lemma lp_ball_subset_sup_norm_ball:
  assumes "q > 0" "M \<ge> 0"
  shows "lp_ball q M \<subseteq> {x. \<forall>j. norm (x j) \<le> M}"
proof (cases q)
  case (real r)
  show ?thesis
  proof safe
    fix x :: "nat \<Rightarrow> 'a" and j
    assume "x \<in> lp_ball q M"
    then have "\<forall>n. (\<Sum>j<n. norm (x j) powr r) \<le> M powr r"
      using assms real by (simp add: lp_ball_ereal_eq_partial_sums)
    moreover have "norm (x j) powr r \<le> (\<Sum>i<Suc j. norm (x i) powr r)"
      by (rule member_le_sum) auto
    ultimately have "norm (x j) powr r \<le> M powr r"
      by (meson order_trans)
    then show "norm (x j) \<le> M"
      using assms real powr_less_mono2[of r M "norm (x j)"] by force
  qed
qed (use assms lp_ball_infinity in auto)

lemma compact_sup_norm_ball:
  "compact {x :: nat \<Rightarrow> 'a::{real_normed_vector,heine_borel}. \<forall>j. norm (x j) \<le> M}"
proof -
  have "compactin (product_topology (\<lambda>_. euclidean) UNIV) (PiE UNIV (\<lambda>_::nat. cball (0::'a) M))"
    by (simp add: compactin_PiE)
  moreover have "PiE UNIV (\<lambda>_::nat. cball (0::'a) M) = {x. \<forall>j. norm (x j) \<le> M}"
    by (auto simp: PiE_UNIV_domain Pi_def)
  ultimately show ?thesis
    by (simp add: euclidean_product_topology)
qed

lemma closed_lp_ball:
  assumes "q > 0" "M \<ge> 0"
  shows "closed (lp_ball q M :: (nat \<Rightarrow> 'a::real_normed_vector) set)"
proof (cases q)
  case (real r)
  have "closed {x :: nat \<Rightarrow> 'a. (\<Sum>j<n. norm (x j) powr r) \<le> M powr r}" for n
    using assms real
    by (intro closed_Collect_le continuous_on_sum continuous_on_powr' continuous_on_norm
        continuous_on_product_coordinates continuous_on_const) auto
  then show ?thesis
    using assms real by (simp add: lp_ball_ereal_eq_partial_sums Collect_all_eq closed_INT)
next
  case PInf
  have "closed {x :: nat \<Rightarrow> 'a. norm (x j) \<le> M}" for j
    by (intro closed_Collect_le continuous_on_norm continuous_on_product_coordinates
        continuous_on_const)
  then show ?thesis
    using PInf by (simp add: lp_ball_infinity Collect_all_eq closed_INT)
qed (use assms in simp)

lemma compact_lp_ball:
  assumes "q > 0" "M \<ge> 0"
  shows "compact (lp_ball q M :: (nat \<Rightarrow> 'a::{real_normed_vector,heine_borel}) set)"
  using compact_Int_closed[OF compact_sup_norm_ball[of M] closed_lp_ball[OF assms]]
    lp_ball_subset_sup_norm_ball[OF assms]
  by (metis Int_absorb1)

lemma uniform_limit_partial_sums_dominated:
  fixes f :: "nat \<Rightarrow> 'b \<Rightarrow> 'a::banach"
  assumes dominated: "\<And>\<delta>. \<delta> > 0 \<Longrightarrow> \<exists>g. summable g \<and> (\<forall>x\<in>B. \<exists>h. summable h \<and> (\<forall>j. h j \<ge> 0) \<and>
             (\<Sum>j. h j) \<le> \<delta> \<and> (\<forall>j. norm (f j x) \<le> g j + h j))"
  shows "uniform_limit B (\<lambda>n x. \<Sum>j<n. f j x) (\<lambda>x. \<Sum>j. f j x) sequentially"
proof (rule uniform_limitI)
  fix e :: real
  assume "e > 0"
  then obtain g where g: "summable g"
    and gh: "\<And>x. x \<in> B \<Longrightarrow> \<exists>h. summable h \<and> (\<forall>j. h j \<ge> 0) \<and>
             (\<Sum>j. h j) \<le> e/2 \<and> (\<forall>j. norm (f j x) \<le> g j + h j)"
    using dominated[of "e/2"] by auto
  obtain N where N: "\<And>n. n \<ge> N \<Longrightarrow> norm (\<Sum>j. g (j + n)) < e/2"
    using suminf_exist_split[OF _ g, of "e/2"] \<open>e > 0\<close> by auto
  have "dist (\<Sum>j<n. f j x) (\<Sum>j. f j x) < e" if "x \<in> B" "n \<ge> N" for x n
  proof -
    obtain h where h: "summable h" "\<And>j. h j \<ge> 0" "(\<Sum>j. h j) \<le> e/2"
      and fgh: "\<And>j. norm (f j x) \<le> g j + h j"
      using gh[OF \<open>x \<in> B\<close>] by auto
    have f_abs: "summable (\<lambda>j. norm (f j x))"
      using fgh by (intro summable_comparison_test'[OF summable_add[OF g h(1)]]) auto
    have shifted: "summable (\<lambda>j. g (j + n))" "summable (\<lambda>j. h (j + n))"
      "summable (\<lambda>j. norm (f (j + n) x))"
      using summable_ignore_initial_segment[OF g] summable_ignore_initial_segment[OF h(1)]
        summable_ignore_initial_segment[OF f_abs] by auto
    have "dist (\<Sum>j<n. f j x) (\<Sum>j. f j x) = norm (\<Sum>j. f (j + n) x)"
      using suminf_minus_initial_segment[OF summable_norm_cancel[OF f_abs], of n]
      by (simp add: dist_norm norm_minus_commute)
    also have "\<dots> \<le> (\<Sum>j. norm (f (j + n) x))"
      using shifted(3) by (rule summable_norm)
    also have "\<dots> \<le> (\<Sum>j. g (j + n)) + (\<Sum>j. h (j + n))"
      using shifted fgh by (subst suminf_add) (auto intro!: suminf_le summable_add)
    also have "(\<Sum>j. h (j + n)) \<le> (\<Sum>j. h j)"
      using h(1,2) by (simp add: suminf_minus_initial_segment sum_nonneg)
    also have "(\<Sum>j. g (j + n)) < e/2"
      using N[OF \<open>n \<ge> N\<close>] by simp
    finally show ?thesis
      using h(3) by simp
  qed
  then show "\<forall>\<^sub>F n in sequentially. \<forall>x\<in>B. dist (\<Sum>j<n. f j x) (\<Sum>j. f j x) < e"
    unfolding eventually_sequentially by blast
qed

lemma norm_mult_le_Young:
  fixes u v :: "'a::real_normed_div_algebra"
  assumes "p > 1" "r > 1" "1/p + 1/r = 1" "t > 0"
  shows "norm (u * v) \<le> t powr p / p * norm u powr p + norm v powr r / (r * t powr r)"
proof -
  have "norm (u * v) = (t * norm u) * (norm v / t)"
    using assms by (simp add: norm_mult)
  also have "\<dots> \<le> (t * norm u) powr p / p + (norm v / t) powr r / r"
    using assms by (intro Youngs_inequality) auto
  also have "\<dots> = t powr p / p * norm u powr p + norm v powr r / (r * t powr r)"
    using assms by (simp add: powr_mult powr_divide)
  finally show ?thesis .
qed
(* Let $(\Omega,\Sigma,\Pr)$ be a probability space and let $A_i\in\Sigma$ for $i\in\mathbb{N}$. For $k\in\mathbb{N}$ let $S_k:=\sum_{1\le i_1<\cdots<i_k}\Pr(A_{i_1}\cap\cdots\cap A_{i_k})$, and assume $S_l\in[0,\infty)$ for all $l\in\mathbb{N}$. Suppose that for some integer $m>1$ the identity $$\Pr\Big(\bigcup_{1\le i_1<\cdots<i_k}(A_{i_1}\cap\cdots\cap A_{i_k})\Big)=\sum_{j\in\mathbb{Z}_+}(-1)^j\binom{j+k-1}{k-1}S_{j+k}$$ holds for $k=m$ (with the series convergent). Then this identity holds for each $k=1,\ldots,m-1$.
   Context: $\mathbb{N}$ denotes the positive integers and $\mathbb{Z}_+$ the nonnegative integers. *)

theory Defs
  imports "HOL-Probability.Probability"
begin

definition ksubsets :: "nat \<Rightarrow> nat set set" where
  "ksubsets k = {I. I \<subseteq> {1..} \<and> finite I \<and> card I = k}"

definition Ssum :: "'a measure \<Rightarrow> (nat \<Rightarrow> 'a set) \<Rightarrow> nat \<Rightarrow> real" where
  "Ssum M A k = infsum (\<lambda>I. measure M (\<Inter>i\<in>I. A i)) (ksubsets k)"

definition atleast_event :: "(nat \<Rightarrow> 'a set) \<Rightarrow> nat \<Rightarrow> 'a set" where
  "atleast_event A k = (\<Union>I\<in>ksubsets k. \<Inter>i\<in>I. A i)"

end

theory Submission
  imports Defs
begin

text \<open>Let \<open>N\<close> be the number of events \<open>A i\<close> that occur. Since \<open>S\<^sub>1\<close> is finite, \<open>N\<close> is
  finite almost surely, and \<open>S\<^sub>l\<close> is the expectation of \<open>N choose l\<close>. For \<open>N = n\<close>, the
  \<open>J\<close>-th partial sum of the \<open>k\<close>-th series minus the indicator of \<open>N \<ge> k\<close> equals
  \<open>(-1)^J * R k J n\<close> with \<open>R k J n = (\<Sum>t\<in>{k..<n}. (t choose (k-1)) * ((t-k) choose J)) \<ge> 0\<close>,
  and termwise comparison gives \<open>R k (J + d) n \<le> R (k + d) J n\<close> for \<open>J \<ge> k + d\<close>. Because
  of the fixed sign, the error of the \<open>k\<close>-th series is therefore dominated by the error of the
  \<open>(k + d)\<close>-th series, which tends to zero by hypothesis.\<close>

lemma sum_alternating_choose_Suc:
  "(\<Sum>j\<le>J. (-1)^j * real (Suc a choose j)) = (-1)^J * real (a choose J)"
  using gbinomial_sum_lower_neg[of "real (Suc a)" J] by (simp add: binomial_gbinomial mult.commute)

definition bonferroni_remainder :: "nat \<Rightarrow> nat \<Rightarrow> nat \<Rightarrow> nat" where
  "bonferroni_remainder k J n = (\<Sum>t\<in>{k..<n}. (t choose (k - 1)) * ((t - k) choose J))"
lemma cmod_diag_mult_sq: "(cmod (diag_mult d u n))\<^sup>2 = (d n)\<^sup>2 * (cmod (u n))\<^sup>2"
  unfolding diag_mult_def by (simp add: norm_mult power_mult_distrib)

lemma diag_mult_diag_mult: "diag_mult a (diag_mult b u) = diag_mult (\<lambda>n. a n * b n) u"
  unfolding diag_mult_def by (simp add: fun_eq_iff mult.assoc)

lemma diag_mult_in_weighted_l2:
  "diag_mult d u \<in> weighted_l2 w \<longleftrightarrow> u \<in> weighted_l2 (\<lambda>n. w n * (d n)\<^sup>2)"
  unfolding weighted_l2_iff cmod_diag_mult_sq by (simp add: mult.assoc)

lemma diag_mult_in_l2: "diag_mult d u \<in> l2 \<longleftrightarrow> u \<in> weighted_l2 (\<lambda>n. (d n)\<^sup>2)"
  using diag_mult_in_weighted_l2[of d u "\<lambda>_. 1"] weighted_l2_one by simp

lemma weighted_sqnorm_diag_mult:
  "weighted_sqnorm w (diag_mult d u) = weighted_sqnorm (\<lambda>n. w n * (d n)\<^sup>2) u"
  unfolding weighted_sqnorm_def cmod_diag_mult_sq by (simp add: mult.assoc)

lemma nrm_diag_mult: "nrm (diag_mult d u) = sqrt (weighted_sqnorm (\<lambda>n. (d n)\<^sup>2) u)"
  unfolding nrm_def weighted_sqnorm_def cmod_diag_mult_sq ..

lemma weighted_l2_bound2:
  assumes "\<And>n. 0 \<le> w n" "\<And>n. w n \<le> C * w1 n + D * w2 n"
    and "u \<in> weighted_l2 w1" "u \<in> weighted_l2 w2"
  shows "u \<in> weighted_l2 w"
proof -
  have "summable (\<lambda>n. C * (w1 n * (cmod (u n))\<^sup>2) + D * (w2 n * (cmod (u n))\<^sup>2))"
    using assms(3,4) unfolding weighted_l2_iff by (intro summable_add summable_mult)
  then show ?thesis unfolding weighted_l2_iff
  proof (rule summable_comparison_test'[where N=0])
    fix n
    have "w n * (cmod (u n))\<^sup>2 \<le> (C * w1 n + D * w2 n) * (cmod (u n))\<^sup>2"
      by (rule mult_right_mono) (use assms(2) in auto)
    then show "norm (w n * (cmod (u n))\<^sup>2)
        \<le> C * (w1 n * (cmod (u n))\<^sup>2) + D * (w2 n * (cmod (u n))\<^sup>2)"
      using assms(1)[of n] by (simp add: algebra_simps)
  qed
qed

lemma weighted_l2_bound:
  assumes "\<And>n. 0 \<le> w n" "\<And>n. w n \<le> C * w' n" "u \<in> weighted_l2 w'"
  shows "u \<in> weighted_l2 w"
  using weighted_l2_bound2[of w C w' 0 w' u] assms by simp

lemma weighted_l2_add:
  assumes w: "\<And>n. 0 \<le> w n" and "u \<in> weighted_l2 w" "v \<in> weighted_l2 w"
  shows "(\<lambda>n. u n + v n) \<in> weighted_l2 w"
proof -
  have "summable (\<lambda>n. 2 * (w n * (cmod (u n))\<^sup>2) + 2 * (w n * (cmod (v n))\<^sup>2))"
    using assms(2,3) unfolding weighted_l2_iff by (intro summable_add summable_mult)
  then show ?thesis unfolding weighted_l2_iff
  proof (rule summable_comparison_test'[where N=0])
    fix n
    have "(cmod (u n + v n))\<^sup>2 \<le> (cmod (u n) + cmod (v n))\<^sup>2"
      by (intro power_mono norm_triangle_ineq) simp
    also have "\<dots> \<le> 2 * (cmod (u n))\<^sup>2 + 2 * (cmod (v n))\<^sup>2"
      using sum_squares_bound[of "cmod (u n)" "cmod (v n)"] by (simp add: power2_sum)
    finally have "w n * (cmod (u n + v n))\<^sup>2 \<le> w n * (2 * (cmod (u n))\<^sup>2 + 2 * (cmod (v n))\<^sup>2)"
      by (rule mult_left_mono) (rule w)
    then show "norm (w n * (cmod (u n + v n))\<^sup>2)
        \<le> 2 * (w n * (cmod (u n))\<^sup>2) + 2 * (w n * (cmod (v n))\<^sup>2)"
      using w[of n] by (simp add: algebra_simps)
  qed
qed

lemma weighted_l2_scale: "u \<in> weighted_l2 w \<Longrightarrow> (\<lambda>n. c * u n) \<in> weighted_l2 w"
  unfolding weighted_l2_iff
  by (drule summable_mult[where c="(cmod c)\<^sup>2"]) (simp add: norm_mult power_mult_distrib algebra_simps)

lemma weighted_l2_diff:
  assumes "\<And>n. 0 \<le> w n" "u \<in> weighted_l2 w" "v \<in> weighted_l2 w"
  shows "vdiff u v \<in> weighted_l2 w"
  using weighted_l2_add[OF assms(1,2) weighted_l2_scale[OF assms(3), of "-1"]]
  by (simp add: vdiff_def)

lemma weighted_sqnorm_vdiff_commute: "weighted_sqnorm w (vdiff u v) = weighted_sqnorm w (vdiff v u)"
  unfolding weighted_sqnorm_def vdiff_def by (simp add: norm_minus_commute)

lemma weighted_l2_finite_support: "(\<And>n. n \<ge> N \<Longrightarrow> u n = 0) \<Longrightarrow> u \<in> weighted_l2 w"
  unfolding weighted_l2_iff by (rule summable_finite[of "{..<N}"]) auto

lemma l2_diff: "u \<in> l2 \<Longrightarrow> v \<in> l2 \<Longrightarrow> vdiff u v \<in> l2"
  using weighted_l2_diff[of "\<lambda>_. 1" u v] weighted_l2_one by simp

lemma l2_finite_support: "(\<And>n. n \<ge> N \<Longrightarrow> u n = 0) \<Longrightarrow> u \<in> l2"
  using weighted_l2_finite_support[of N u "\<lambda>_. 1"] weighted_l2_one by simp

lemma trunc_in_diag_dom: "trunc k u \<in> diag_dom d"
  unfolding diag_dom_def
  by (auto intro: l2_finite_support[of k] simp: trunc_def diag_mult_def)

lemma fock_vec_in_diag_dom: "fock_vec k \<in> diag_dom d"
  unfolding diag_dom_def
  by (auto intro: l2_finite_support[of "Suc k"] simp: fock_vec_def diag_mult_def)

lemma weighted_sqnorm_nonneg:
  "(\<And>n. 0 \<le> w n) \<Longrightarrow> u \<in> weighted_l2 w \<Longrightarrow> 0 \<le> weighted_sqnorm w u"
  unfolding weighted_sqnorm_def weighted_l2_iff by (rule suminf_nonneg) auto

lemma partial_sum_le_weighted_sqnorm:
  "(\<And>n. 0 \<le> w n) \<Longrightarrow> u \<in> weighted_l2 w \<Longrightarrow>
    (\<Sum>n<M. w n * (cmod (u n))\<^sup>2) \<le> weighted_sqnorm w u"
  unfolding weighted_sqnorm_def weighted_l2_iff by (rule sum_le_suminf) auto

lemma weighted_sqnorm_le_const:
  assumes "\<And>n. 0 \<le> w n" "\<And>M. (\<Sum>n<M. w n * (cmod (u n))\<^sup>2) \<le> B"
  shows "u \<in> weighted_l2 w" "weighted_sqnorm w u \<le> B"
proof -
  show u: "u \<in> weighted_l2 w" unfolding weighted_l2_iff
    by (rule summableI_nonneg_bounded[where x=B]) (use assms in auto)
  show "weighted_sqnorm w u \<le> B" unfolding weighted_sqnorm_def
    using u unfolding weighted_l2_iff by (rule suminf_le_const) (use assms in auto)
qed

lemma weighted_sqnorm_mono:
  assumes "\<And>n. w n \<le> w' n" "u \<in> weighted_l2 w" "u \<in> weighted_l2 w'"
  shows "weighted_sqnorm w u \<le> weighted_sqnorm w' u"
  unfolding weighted_sqnorm_def
  by (rule suminf_le) (use assms in \<open>auto simp: weighted_l2_iff intro: mult_right_mono\<close>)

lemma sqrt_weighted_sqnorm_triangle:
  assumes w: "\<And>n. 0 \<le> w n" and a: "a \<in> weighted_l2 w" and b: "b \<in> weighted_l2 w"
  shows "sqrt (weighted_sqnorm w (\<lambda>n. a n + b n))
    \<le> sqrt (weighted_sqnorm w a) + sqrt (weighted_sqnorm w b)"
proof -
  define B where "B = (sqrt (weighted_sqnorm w a) + sqrt (weighted_sqnorm w b))\<^sup>2"
  define L where "L f M = L2_set (\<lambda>n. sqrt (w n) * cmod (f n)) {..<M}" for f M
  have L_eq: "L f M = sqrt (\<Sum>n<M. w n * (cmod (f n))\<^sup>2)" for f M
    unfolding L_def L2_set_def using w by (simp add: power_mult_distrib)
  have "L (\<lambda>n. a n + b n) M \<le> L2_set (\<lambda>n. sqrt (w n) * cmod (a n) + sqrt (w n) * cmod (b n)) {..<M}"
    for M unfolding L_def
    by (rule L2_set_mono) (use w in \<open>auto simp: distrib_left[symmetric] intro: mult_left_mono norm_triangle_ineq\<close>)
  also have "\<dots> M \<le> L a M + L b M" for M unfolding L_def by (rule L2_set_triangle_ineq)
  also have "L a M + L b M \<le> sqrt (weighted_sqnorm w a) + sqrt (weighted_sqnorm w b)" for M
    unfolding L_eq using partial_sum_le_weighted_sqnorm[OF w a] partial_sum_le_weighted_sqnorm[OF w b]
    by (intro add_mono real_sqrt_le_mono)
  finally have "(\<Sum>n<M. w n * (cmod (a n + b n))\<^sup>2) \<le> B" for M
    unfolding L_eq B_def by (rule sqrt_le_D)
  then have "weighted_sqnorm w (\<lambda>n. a n + b n) \<le> B"
    by (rule weighted_sqnorm_le_const(2)[OF w])
  then show ?thesis unfolding B_def
    by (simp add: real_sqrt_le_iff weighted_sqnorm_nonneg[OF w a] weighted_sqnorm_nonneg[OF w b]
        real_le_lsqrt)
qed

lemma l2conv_l2: "l2conv x u \<Longrightarrow> u \<in> l2" "l2conv x u \<Longrightarrow> x k \<in> l2"
  unfolding l2conv_def by auto

lemma l2conv_const: "u \<in> l2 \<Longrightarrow> l2conv (\<lambda>k. u) u"
  unfolding l2conv_def nrm_def vdiff_def by simp

lemma cmod_le_nrm:
  assumes "u \<in> l2" shows "cmod (u n) \<le> nrm u"
proof -
  have "(cmod (u n))\<^sup>2 \<le> (\<Sum>m. (cmod (u m))\<^sup>2)"
    using sum_le_suminf[of "\<lambda>m. (cmod (u m))\<^sup>2" "{n}"] assms unfolding l2_def by auto
  then show ?thesis unfolding nrm_def by (rule real_le_rsqrt)
qed

lemma l2conv_coordinate:
  assumes "l2conv x u" shows "(\<lambda>k. x k n) \<longlonglongrightarrow> u n"
proof -
  have "(\<lambda>k. x k n - u n) \<longlonglongrightarrow> 0"
  proof (rule Lim_null_comparison)
    show "\<forall>\<^sub>F k in sequentially. norm (x k n - u n) \<le> nrm (vdiff (x k) u)"
      using assms cmod_le_nrm[OF l2_diff, of "x _" u n] by (simp add: l2conv_def vdiff_def)
    show "(\<lambda>k. nrm (vdiff (x k) u)) \<longlonglongrightarrow> 0" using assms unfolding l2conv_def by blast
  qed
  then show ?thesis by (simp add: LIM_zero_iff)
qed

lemma tail_suminf_tendsto_zero:
  fixes f :: "nat \<Rightarrow> real"
  assumes "summable f"
  shows "(\<lambda>k. \<Sum>n. if n < k then 0 else f n) \<longlonglongrightarrow> 0"
proof -
  have "(\<Sum>n. if n < k then 0 else f n) = suminf f - sum f {..<k}" for k
  proof -
    define g where "g n = (if n < k then f n else 0)" for n
    have "summable g" unfolding g_def by (rule summable_finite[of "{..<k}"]) auto
    moreover have "suminf g = sum f {..<k}" unfolding g_def
      by (subst suminf_finite[of "{..<k}"]) auto
    moreover have "(\<lambda>n. if n < k then 0 else f n) = (\<lambda>n. f n - g n)" unfolding g_def by auto
    ultimately show ?thesis using suminf_diff[OF assms] by metis
  qed
  moreover have "(\<lambda>k. suminf f - sum f {..<k}) \<longlonglongrightarrow> suminf f - suminf f"
    by (intro tendsto_diff tendsto_const summable_LIMSEQ assms)
  ultimately show ?thesis by simp
qed

lemma trunc_l2conv:
  assumes u: "u \<in> l2" shows "l2conv (\<lambda>k. trunc k u) u"
  unfolding l2conv_def
proof (intro conjI allI)
  show "u \<in> l2" by fact
  show "trunc k u \<in> l2" for k
    by (rule l2_finite_support[of k]) (simp add: trunc_def)
  have "nrm (vdiff (trunc k u) u) = sqrt (\<Sum>n. if n < k then 0 else (cmod (u n))\<^sup>2)" for k
    unfolding nrm_def vdiff_def trunc_def by (rule arg_cong[where f=sqrt], rule arg_cong[where f=suminf]) auto
  moreover have "(\<lambda>k. sqrt (\<Sum>n. if n < k then 0 else (cmod (u n))\<^sup>2)) \<longlonglongrightarrow> sqrt 0"
    by (intro tendsto_real_sqrt tail_suminf_tendsto_zero) (use u in \<open>simp add: l2_def\<close>)
  ultimately show "(\<lambda>k. nrm (vdiff (trunc k u) u)) \<longlonglongrightarrow> 0" by simp
qed

lemma dense_diag_dom: "dense_l2 (diag_dom d)"
  unfolding dense_l2_def
proof (intro conjI ballI)
  show "diag_dom d \<subseteq> l2" unfolding diag_dom_def by blast
  show "\<exists>x. (\<forall>k. x k \<in> diag_dom d) \<and> l2conv x u" if "u \<in> l2" for u
    using trunc_in_diag_dom trunc_l2conv[OF that] by (intro exI[of _ "\<lambda>k. trunc k u"]) simp
qed

lemma l2_inner_summable:
  assumes "u \<in> l2" "v \<in> l2" shows "summable (\<lambda>n. cnj (u n) * v n)"
proof (rule summable_norm_cancel)
  have "summable (\<lambda>n. (cmod (u n))\<^sup>2 + (cmod (v n))\<^sup>2)"
    using assms unfolding l2_def by (simp add: summable_add)
  then show "summable (\<lambda>n. norm (cnj (u n) * v n))"
  proof (rule summable_comparison_test'[where N=0])
    fix n
    have "2 * (cmod (u n) * cmod (v n)) \<le> (cmod (u n))\<^sup>2 + (cmod (v n))\<^sup>2"
      using sum_squares_bound[of "cmod (u n)" "cmod (v n)"] by (simp add: mult.assoc)
    moreover have "0 \<le> cmod (u n) * cmod (v n)" by simp
    ultimately have "cmod (u n) * cmod (v n) \<le> (cmod (u n))\<^sup>2 + (cmod (v n))\<^sup>2" by linarith
    then show "norm (norm (cnj (u n) * v n)) \<le> (cmod (u n))\<^sup>2 + (cmod (v n))\<^sup>2"
      by (simp add: norm_mult)
  qed
qed

lemma inner2_fock_vec: "inner2 (fock_vec k) w = w k"
proof -
  have "(\<lambda>m. cnj (fock_vec k m) * w m) = (\<lambda>m. if m = k then w m else 0)"
    unfolding fock_vec_def by auto
  then show ?thesis unfolding inner2_def using sums_unique[OF sums_single[of k w]] by simp
qed

lemma weighted_sqnorm_fatou:
  assumes w: "\<And>n. 0 \<le> w n" and lim: "\<And>n. (\<lambda>j. y j n) \<longlonglongrightarrow> v n"
    and bnd: "\<forall>\<^sub>F j in sequentially. y j \<in> weighted_l2 w \<and> weighted_sqnorm w (y j) \<le> B"
  shows "v \<in> weighted_l2 w" "weighted_sqnorm w v \<le> B"
proof -
  have "(\<Sum>n<M. w n * (cmod (v n))\<^sup>2) \<le> B" for M
  proof (rule tendsto_le[OF sequentially_bot tendsto_const])
    show "(\<lambda>j. \<Sum>n<M. w n * (cmod (y j n))\<^sup>2) \<longlonglongrightarrow> (\<Sum>n<M. w n * (cmod (v n))\<^sup>2)"
      by (intro tendsto_intros lim)
    show "\<forall>\<^sub>F j in sequentially. (\<Sum>n<M. w n * (cmod (y j n))\<^sup>2) \<le> B"
      using bnd
    proof eventually_elim
      case (elim j)
      then show ?case using partial_sum_le_weighted_sqnorm[of w "y j" M, OF w] by linarith
    qed
  qed
  then show "v \<in> weighted_l2 w" "weighted_sqnorm w v \<le> B"
    using weighted_sqnorm_le_const[of w v B, OF w] by blast+
qed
--------------------------------
**Task goal**
Some lines in the data above hold the string "measure". Find and copy each of them.

**Your response**
definition Ssum :: "'a measure \<Rightarrow> (nat \<Rightarrow> 'a set) \<Rightarrow> nat \<Rightarrow> real" where
  "Ssum M A k = infsum (\<lambda>I. measure M (\<Inter>i\<in>I. A i)) (ksubsets k)"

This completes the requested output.